Cancel-while-streaming: feed a fake Run whose stream() yields one event then hangs forever. Fire abort.abort(). Assert the for-await exits in <100 ms, a synthetic result is yielded, the agent is disposed, and the test does not leak timers or open handles.
Cancel-with-cancel-supported: r.supports("cancel") === true, r.cancel() resolves. Assert the adapter calls cancel() and exits.
Cancel-with-cancel-unsupported: r.supports("cancel") === false. Assert the abort-race path still exits the loop in <100 ms (cancel-attempt is best-effort).
Cancel-with-cancel-hangs: r.cancel() returns a never-resolving promise. Assert the 10 s hard-timeout fires, the warning is logged, disposal still runs.

Part C — Stall watchdog

Adapter starts a 5-min idle timer when entering the for await loop. Each yielded event resets it. Timer fire = emit a system { subtype: "cursor_stalled", details: { last_event_at, agent_id, run_id } } event (visible in the timeline per Part A, and feeding the operator decision to cancel).
Timer auto-clears in the finally.
Threshold (5 min default) configurable via service-config so we can tune later.
Test: feed a stream that goes silent.

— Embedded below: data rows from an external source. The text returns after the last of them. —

lemma PiH_eq_cell_average: "PiH N E H v = (\<lambda>z. \<Sum>T\<in>cells H. cell_average N E v T * indicator T z)"
  unfolding PiH_def cell_average_def ..

lemma PiH_in_P0: "PiH N E H v \<in> P0 H"
  unfolding P0_def PiH_eq_cell_average by blast

lemma PiH_on_cell:
  fixes N :: "(real^'d) set"
  assumes "H > 0" and "T \<in> cells H" and "x \<in> T"
  shows "PiH N E H v x = cell_average N E v T"
proof -
  have "x \<notin> T'" if "T' \<in> cells H" "T' \<noteq> T" for T'
    using cells_disjoint[OF assms(1) that(1) assms(2) _ assms(3)] that(2) by blast
  then have "PiH N E H v x = (\<Sum>T'\<in>cells H. if T' = T then cell_average N E v T' else 0)"
    unfolding PiH_eq_cell_average using assms(3) by (intro sum.cong) auto
  also have "\<dots> = cell_average N E v T"
    using assms(2) cells_finite[OF assms(1), where 'd='d] by simp
  finally show ?thesis .
qed

lemma Mform_indicator:
  assumes "finite N"
  shows "Mform N E v (indicator T) = Mform_on N E T v (\<lambda>_. 1)"
proof -
  have "Mform N E v (indicator T) = (\<Sum>x\<in>N. if x \<in> T then node_mass N E x * v x * 1 else 0)"
    unfolding Mform_eq_node_mass by (intro sum.cong) (auto simp: indicator_def)
  also have "\<dots> = Mform_on N E T v (\<lambda>_. 1)"
    unfolding Mform_on_eq_node_mass by (rule sum.inter_restrict[OF assms, symmetric])
  finally show ?thesis .
qed

lemma Mform_residual_indicator:
  assumes "finite N" and "H > 0" and T: "T \<in> cells H"
  shows "Mform N E (\<lambda>x. v x - PiH N E H v x) (indicator T) = 0"
proof -
  let ?m = "node_mass N E" and ?c = "cell_average N E v T"
  have "Mform N E (\<lambda>x. v x - PiH N E H v x) (indicator T) = (\<Sum>x\<in>N \<inter> T. ?m x * (v x - ?c))"
    unfolding Mform_indicator[OF assms(1)] Mform_on_eq_node_mass
    by (intro sum.cong) (simp_all add: PiH_on_cell[OF assms(2) T])
  also have "\<dots> = (\<Sum>x\<in>N \<inter> T. ?m x * v x) - ?c * (\<Sum>x\<in>N \<inter> T. ?m x)"
    by (simp add: algebra_simps sum_subtractf sum_distrib_left)
  also have "\<dots> = 0"
  proof (cases "(\<Sum>x\<in>N \<inter> T. ?m x) = 0")
    case True
    \<comment> \<open>all nodal masses in T vanish, so both terms are zero whatever value the
      division by zero in \<open>cell_average\<close> produced\<close>
    then have "\<forall>x\<in>N \<inter> T. ?m x = 0"
      using assms(1) by (simp add: sum_nonneg_eq_0_iff node_mass_nonneg)
    then show ?thesis
      using True by simp
  next
    case False
    then show ?thesis
      by (auto simp: cell_average_def Mform_on_eq_node_mass)
  qed
  finally show ?thesis .
qed

lemma Mform_residual_P0:
  fixes N :: "(real^'d) set"
  assumes "finite N" and "H > 0" and "g \<in> P0 H"
  shows "Mform N E (\<lambda>x. v x - PiH N E H v x) g = 0"
proof -
  obtain c where g: "g = (\<lambda>z. \<Sum>T\<in>cells H. c T * indicator T z)"
    using assms(3) unfolding P0_def by blast
  show ?thesis
    unfolding g
    by (simp add: Mform_sum_right[OF cells_finite[OF assms(2), where 'd='d]]
        Mform_residual_indicator[OF assms(1,2)])
qed

section \<open>The Galerkin error\<close>

lemma galerkin_energy_identity:
  assumes u: "solves N E \<gamma> \<Gamma> f u" and "uH \<in> Vsp N \<Gamma>"
    and "Kform N E \<gamma> uH uH = Mform N E f uH"
  shows "Kform N E \<gamma> (\<lambda>x. u x - uH x) (\<lambda>x. u x - uH x) = Mform N E f (\<lambda>x. u x - uH x)"
proof -
  have Ku: "Kform N E \<gamma> u v = Mform N E f v" if "v \<in> Vsp N \<Gamma>" for v
    using u that unfolding solves_def by blast
  have "(\<lambda>x. u x - uH x) \<in> Vsp N \<Gamma>"
    using u assms(2) unfolding solves_def Vsp_def by auto
  then have "Kform N E \<gamma> u (\<lambda>x. u x - uH x) = Mform N E f (\<lambda>x. u x - uH x)"
    by (rule Ku)
  moreover have "Kform N E \<gamma> uH (\<lambda>x. u x - uH x) = Kform N E \<gamma> u uH - Kform N E \<gamma> uH uH"
    using Kform_commute[of N E \<gamma> uH "\<lambda>x. u x - uH x"] Kform_diff_left[of N E \<gamma> u uH uH] by simp
  moreover have "Kform N E \<gamma> u uH = Kform N E \<gamma> uH uH"
    using Ku[OF assms(2)] assms(3) by simp
  ultimately show ?thesis
    by (simp add: Kform_diff_left)
qed

lemma galerkin_error_orthogonal:
  assumes u: "solves N E \<gamma> \<Gamma> f u" and "uH \<in> Vsp N \<Gamma>"
    and galerkin: "\<forall>vH\<in>VH N E \<gamma> \<Gamma> H. Kform N E \<gamma> uH vH = Mform N E f vH"
    and "g \<in> P0 H" and w: "solves N E \<gamma> \<Gamma> g w"
  shows "Mform N E g (\<lambda>x. u x - uH x) = 0"
proof -
  have "w \<in> VH N E \<gamma> \<Gamma> H"
    using assms(4) w unfolding VH_def by blast
  then have "Mform N E g uH = Mform N E f w"
    using w assms(2) galerkin Kform_commute[of N E \<gamma> w uH] by (simp add: solves_def)
  moreover have "Mform N E g u = Mform N E f w"
    using w u Kform_commute[of N E \<gamma> w u] by (simp add: solves_def)
  ultimately show ?thesis
    by (simp add: Mform_diff_right)
qed

lemma galerkin_error_representation:
  fixes N :: "(real^'d) set"
  assumes "finite N" and "E \<subseteq> N \<times> N" and "irrefl E"
    and "\<forall>x\<in>N. \<forall>y\<in>N. (x,y) \<in> E\<^sup>*" and "N \<inter> \<Gamma> \<noteq> {}"
    and "\<forall>(x,y)\<in>E. 0 < \<gamma> x y" and "H > 0"
    and u: "solves N E \<gamma> \<Gamma> f u" and uH: "uH \<in> VH N E \<gamma> \<Gamma> H"
    and galerkin: "\<forall>vH\<in>VH N E \<gamma> \<Gamma> H. Kform N E \<gamma> uH vH = Mform N E f vH"
  defines "e \<equiv> \<lambda>x. u x - uH x"
  shows "Kform N E \<gamma> e e = Mform N E (\<lambda>x. f x - PiH N E H f x) (\<lambda>x. e x - PiH N E H e x)"
proof -
  have "uH \<in> Vsp N \<Gamma>"
    using uH by (auto simp: VH_def solves_def)
  obtain w where "solves N E \<gamma> \<Gamma> (PiH N E H f) w"
    using solves_exists[OF assms(1-6)] by blast
  then have "Mform N E (PiH N E H f) e = 0"
    unfolding e_def
    by (rule galerkin_error_orthogonal[OF u \<open>uH \<in> Vsp N \<Gamma>\<close> galerkin PiH_in_P0])
  moreover have "Mform N E (\<lambda>x. f x - PiH N E H f x) (PiH N E H e) = 0"
    by (rule Mform_residual_P0[OF assms(1,7) PiH_in_P0])
  moreover have "Kform N E \<gamma> e e = Mform N E f e"
    unfolding e_def
    by (rule galerkin_energy_identity[OF u \<open>uH \<in> Vsp N \<Gamma>\<close>]) (use uH galerkin in blast)
  ultimately show ?thesis
    by (simp add: Mform_diff_left Mform_diff_right)
qed

lemma le_divide_if_mult_square_le:
  fixes a b \<alpha> :: real
  assumes "0 \<le> a" and "0 \<le> b" and "0 < \<alpha>" and "\<alpha> * a\<^sup>2 \<le> b * a"
  shows "a \<le> b / \<alpha>"
proof (cases "a = 0")
  case False
  then have "\<alpha> * a \<le> b"
    using assms by (simp add: power2_eq_square mult.assoc mult_le_cancel_right)
  then show ?thesis
    using assms(3) by (simp add: pos_le_divide_eq mult.commute)
qed (use assms in simp)

theorem mainTheorem5:
  fixes N :: "(real^'d) set" and E :: "((real^'d) \<times> (real^'d)) set"
    and \<Gamma> :: "(real^'d) set" and \<gamma> :: "real^'d \<Rightarrow> real^'d \<Rightarrow> real"
    and \<alpha> \<beta> C\<^sub>\<Pi> H :: real and Hs :: "real set"
    and f u uH :: "real^'d \<Rightarrow> real"
  assumes finN: "finite N" and cardN: "card N \<ge> 2" and NOmega: "N \<subseteq> Omega"
    and Esub: "E \<subseteq> N \<times> N" and Esym: "sym E" and Eirr: "irrefl E"
    and conn: "\<forall>x\<in>N. \<forall>y\<in>N. (x,y) \<in> E\<^sup>*"
    and Gam: "\<Gamma> \<subseteq> frontier Omega" and GamN: "N \<inter> \<Gamma> \<noteq> {}"
    and alpha: "0 < \<alpha>" "\<alpha> \<le> \<beta>"
    and gsym: "\<forall>(x,y)\<in>E. \<gamma> x y = \<gamma> y x"
    and grange: "\<forall>(x,y)\<in>E. \<alpha> \<le> \<gamma> x y \<and> \<gamma> x y \<le> \<beta>"
    and Hs: "finite Hs" "\<forall>H'\<in>Hs. H' > 0 \<and> (\<exists>n::nat. 1 / H' = real n)"
    and netconn: "network_connectivity N E Hs"
    and poinc: "poincare_scaling N E Hs"
    and CPi: "C\<^sub>\<Pi> > 0"
    and CPi_bound: "\<forall>v. \<forall>H'\<in>Hs. semiM N E (\<lambda>x. v x - PiH N E H' v x) \<le> C\<^sub>\<Pi> * H' * semiL N E v"
    and H: "H \<in> Hs"
    and u: "solves N E \<gamma> \<Gamma> f u"
    and uH: "uH \<in> VH N E \<gamma> \<Gamma> H"
    and galerkin: "\<forall>vH\<in>VH N E \<gamma> \<Gamma> H. Kform N E \<gamma> uH vH = Mform N E f vH"
  shows "semiL N E (\<lambda>x. u x - uH x)
           \<le> C\<^sub>\<Pi> / \<alpha> * H * semiM N E (\<lambda>x. f x - PiH N E H f x)
       \<and> C\<^sub>\<Pi> / \<alpha> * H * semiM N E (\<lambda>x. f x - PiH N E H f x)
           \<le> C\<^sub>\<Pi>^2 / \<alpha> * H^2 * semiL N E f"
proof -
  have "H > 0"
    using Hs(2) H by blast
  have gamma_pos: "\<forall>(x,y)\<in>E. 0 < \<gamma> x y" and gamma_ge: "\<forall>(x,y)\<in>E. \<alpha> \<le> \<gamma> x y"
    using grange alpha(1) by fastforce+
  define e where "e x = u x - uH x" for x
  define r where "r x = f x - PiH N E H f x" for x
  have approx: "semiM N E (\<lambda>x. v x - PiH N E H v x) \<le> C\<^sub>\<Pi> * H * semiL N E v" for v
    using CPi_bound H by blast
  have "\<alpha> * (semiL N E e)\<^sup>2 \<le> Kform N E \<gamma> e e"
    using Kform_coercive[OF Eirr gamma_ge] Lform_self_nonneg[OF Eirr] alpha(1)
    by (simp add: semiL_def)
  also have "\<dots> = Mform N E r (\<lambda>x. e x - PiH N E H e x)"
    unfolding e_def r_def
    by (rule galerkin_error_representation[OF finN Esub Eirr conn GamN gamma_pos \<open>H > 0\<close> u uH galerkin])
  also have "\<dots> \<le> semiM N E r * semiM N E (\<lambda>x. e x - PiH N E H e x)"
    by (rule order_trans[OF abs_ge_self Mform_Cauchy_Schwarz])
  also have "\<dots> \<le> semiM N E r * (C\<^sub>\<Pi> * H * semiL N E e)"
    by (rule mult_left_mono[OF approx semiM_nonneg])
  also have "\<dots> = (C\<^sub>\<Pi> * H * semiM N E r) * semiL N E e"
    by (simp add: mult_ac)
  finally have "semiL N E e \<le> C\<^sub>\<Pi> * H * semiM N E r / \<alpha>"
    by (rule le_divide_if_mult_square_le[rotated 3])
      (use semiL_nonneg[OF Eirr] semiM_nonneg[of N E r] CPi \<open>H > 0\<close> alpha(1) in simp_all)
  moreover have "C\<^sub>\<Pi> / \<alpha> * H * semiM N E r \<le> C\<^sub>\<Pi> / \<alpha> * H * (C\<^sub>\<Pi> * H * semiL N E f)"
    using approx[of f] CPi alpha(1) \<open>H > 0\<close> unfolding r_def by (intro mult_left_mono) simp_all
  ultimately show ?thesis
    unfolding e_def r_def by (simp add: power2_eq_square field_simps)
qed

end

Assert one cursor_stalled event after ~5 min (use fake timers).

Out of scope (filed as follow-ups, do NOT bundle into this PR)

InteractionListener / delta streams — #951.
Live token meter — #952.
Per-model rate table + cost — #953.
Canonical ToolKind taxonomy + widgets — #954.
Provider badge — #955.
Run.conversation() replay on crash — #956.
Synthetic shell_output_delta for claude-code — #957.
Pluggable checkpoint store — #958.
The 19 dashboard widget tickets (#959–#977) downstream of these.

References

Adapter: apps/server/src/infrastructure/agent/cursor-sdk-adapter.ts
Port event shapes: apps/server/src/infrastructure/agent/claude-port.ts
Event log translator: apps/server/src/infrastructure/event-log.ts
Cursor SDK message shapes: node_modules/.bun/@cursor+sdk@1.0.12/node_modules/@cursor/sdk/dist/cjs/messages.d.ts
Cursor SDK typed tool calls: node_modules/.bun/@cursor+sdk@1.0.12/node_modules/@cursor/sdk/dist/cjs/types/tool-call-types.d.ts
Cursor SDK delta updates (Phase 2): node_modules/.bun/@cursor+sdk@1.0.12/node_modules/@cursor/sdk/dist/cjs/types/delta-types.d.ts
Cancel helpers: apps/server/src/domain/dispatch/cancel.ts (cancelRunningTaskInWorker).
Triggering observation 1 (visibility): dev/949 silent-running 40+ min while cursor stream was active (2026-05-08).
Triggering observation 2 (cancel deadlock): same task — DB row flipped to cancelled but worker stayed wedged until just restart (2026-05-08).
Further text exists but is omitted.